If you've ever gotten SPAM that started out as something like "here is the contents of your feedback form", followed by some spam, it's from a script like this.

Please do not deploy this script. Your server will be blackballed within hours of the first SPAM sent using it. Then good luck getting back on the good side of the blacklisters.

Additionally, I think this is based on a common script which has this flaw (is it Matt Wright's "mailform", or something like that?), so the following is a lie:

## Created by Aaron Anderson
## sulfericacid@qwest.net
[download]

-- Randal L. Schwartz, Perl hacker

There are many dangers inherent in rolling your own mail script. (Matt Wright managed to expose almost all of them, so you can search perlmonks and/or the web and newsgroups if you want excrutiating detail.)

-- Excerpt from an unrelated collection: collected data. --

(* Let $\mathbf{f}$ be the Fibonacci word, $\phi=\frac{1+\sqrt5}{2}$, and fix a positive integer $n$. Let $\ell$ be a positive integer such that $$\phi^{-n+1}\le \min\big(\{2\ell F_n\phi\},\,1-\{2\ell F_n\phi\}\big).$$ Then for every index $x\ge 0$, $$\mathbf{f}_{[x,\,x+2F_n]}\neq \mathbf{f}_{[x+2\ell F_n,\,x+2\ell F_n+2F_n]}.$$
   Context: The Fibonacci word is $\mathbf{f}=\sigma^{\omega}(0)=0100101001001\cdots$, the fixed point of the morphism $\sigma(0)=01$, $\sigma(1)=0$. Words are $0$-indexed and $v_{[i,j]}$ denotes the substring of $v$ with letters at indices $i,\dots,j-1$. $F_1=F_2=1$, $F_n=F_{n-1}+F_{n-2}$. $\{y\}$ denotes the fractional part of a real number $y$. *)

theory Defs
  imports Complex_Main "HOL-Number_Theory.Fib"
begin

fun sigma_letter :: "nat \<Rightarrow> nat list" where
  "sigma_letter a = (if a = 0 then [0, 1] else [0])"

definition sigma :: "nat list \<Rightarrow> nat list" where
  "sigma w = concat (map sigma_letter w)"

text \<open>sigma^k(0); each is a prefix of the next, and its length is F(k+2) > k.\<close>
definition fib_prefix :: "nat \<Rightarrow> nat list" where
  "fib_prefix k = (sigma ^^ k) [0]"

text \<open>The infinite Fibonacci word f = sigma^omega(0), 0-indexed.\<close>
definition fib_word :: "nat \<Rightarrow> nat" where
  "fib_word i = fib_prefix (Suc i) ! i"

text \<open>Factor f_[i,j]: letters at indices i..j-1.\<close>
definition fib_factor :: "nat \<Rightarrow> nat \<Rightarrow> nat list" where
  "fib_factor i j = map fib_word [i..<j]"

definition phi :: real where
  "phi = (1 + sqrt 5) / 2"

end

(* The Fibonacci word is the Sturmian word of slope 1/phi: f_i = 0 exactly when the Beatty
   sequence b(t) = floor(t phi) jumps by 2 from t = i + 1 to t = i + 2.  This follows by induction
   on sigma^k(0) from the Wythoff identities b(b(s)) = b(s) + s - 1, b(b(s) + 1) = b(s) + s + 1
   (and b(b(s) + 2) = b(s) + s + 2 after a jump of 2), which say how sigma rewrites each letter.

   If the factors of length m = 2 F_n at x and x + d coincide, then b(t + d) - b(t) is constant
   for t in [x + 1, x + m + 1]; since b(t + d) - b(t) = floor(d phi) + [frac(t phi) + theta >= 1]
   with theta = frac(d phi), so is the carry [frac(t phi) + theta >= 1].  But with n = k + 1,
   every F_(k+2) <= m consecutive values frac(t phi) meet every interval of length phi^-k:
   for j = a F_(k+1) + b F_k one has j phi = a e_(k+1) + b e_k mod 1 with e_k = F_k phi - F_(k+1)
   = (-1)^k phi^-k, and a, b can be chosen with j in a prescribed window of length F_(k+2) and
   a e_(k+1) + b e_k in a prescribed interval of length phi^-k.  As theta keeps distance phi^-k
   from 0 and 1, both carry values occur, a contradiction. *)

theory Submission
  imports Defs "HOL-Computational_Algebra.Primes"
begin
lemma sum_card_components_S_le:
  "(\<Sum>X\<in>component ` (V - S). card (X \<inter> S)) \<le> card S * min 3 (card (component ` (V - S)))"
proof -
  let ?C = "component ` (V - S)"
  have "(\<Sum>X\<in>?C. card (X \<inter> S)) = (\<Sum>X\<in>?C. \<Sum>s\<in>S. if s \<in> X then 1 else 0)"
    using finite_S by (simp add: sum.If_cases Int_commute)
  also have "\<dots> = (\<Sum>s\<in>S. card {X \<in> ?C. s \<in> X})"
    using finite_V by (subst sum.swap) (simp add: sum.If_cases Int_def)
  also have "\<dots> \<le> (\<Sum>s\<in>S. min 3 (card ?C))"
    using card_components_containing_le_3 finite_V
    by (intro sum_mono) (auto intro: card_mono)
  finally show ?thesis by simp
qed

lemma card_free_plus_components_le:
  assumes "\<forall>u\<in>V - S. 3 \<le> S_weight V E S u"
  shows "card (V - S) + 2 * card (component ` (V - S)) \<le> card S * min 3 (card (component ` (V - S)))"
proof -
  have "card (V - S) + 2 * card (component ` (V - S)) = (\<Sum>X\<in>component ` (V - S). card (X - S) + 2)"
    by (subst sum.distrib) (simp add: card_free_eq_sum_components)
  also have "\<dots> \<le> (\<Sum>X\<in>component ` (V - S). card (X \<inter> S))"
    using component_S_surplus assms by (intro sum_mono) auto
  finally show ?thesis using sum_card_components_S_le by linarith
qed

end

theorem theorem7:
  fixes V :: "'a set" and E :: "'a \<Rightarrow> 'a \<Rightarrow> bool" and S :: "'a set"
  assumes "simple_graph V E"
    and "card V \<ge> 3"
    and "\<forall>x\<in>V. degree V E x \<le> 3"
    and "S \<subseteq> V"
    and "\<forall>u\<in>V - S. S_weight V E S u \<ge> 3"
  shows "real (card S) \<ge> (real (card V) + 6) / 4"
proof -
  interpret subcubic_graph_with_set V E S
    using assms(1,3,4) by unfold_locales
  define c where "c = card (component ` (V - S))"
  have count: "card V - card S + 2 * c \<le> card S * min 3 c"
    using card_free_plus_components_le assms(5) card_Diff_subset[OF finite_S assms(4)]
    unfolding c_def by simp
  have S_le_V: "card S \<le> card V" using card_mono[OF finite_V assms(4)] .
  have "card V + 6 \<le> 4 * card S"
  proof (cases "3 \<le> c")
    case False
    then consider "c = 0" | "c = 1" | "c = 2" by linarith
    then show ?thesis
    proof cases
      case 1
      then have "V \<subseteq> S" unfolding c_def using finite_V by auto
      with card_mono[OF finite_S this] S_le_V assms(2) show ?thesis by linarith
    qed (use count S_le_V assms(2) in simp_all)
  qed (use count S_le_V in \<open>simp add: min_def\<close>)
  then show ?thesis by simp
qed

merlyn correctly pointed out that your script is ripe for spam abuse. And don't think they won't use it.

First, there is a project called NMS that creates solid "simple" scripts like this that are audited by the community for security holes. I'd recommend looking there first in the future. In particular, look at their formmail script. The code is well documented, and it can prevent the spam relay concerns, as well as others.

Second, while you module makes use of the CGI module, you don't use any of the Mail::* modules. I recommend using a module for this sort of thing: It increases portability, and centralizes the functionality so it easy to upgrade security holes if/when they are discovered.

Third, you don't make use of taint checking. While all CGI scripts should arguably use taint checking, scripts that pass said data to other programs need it all the more.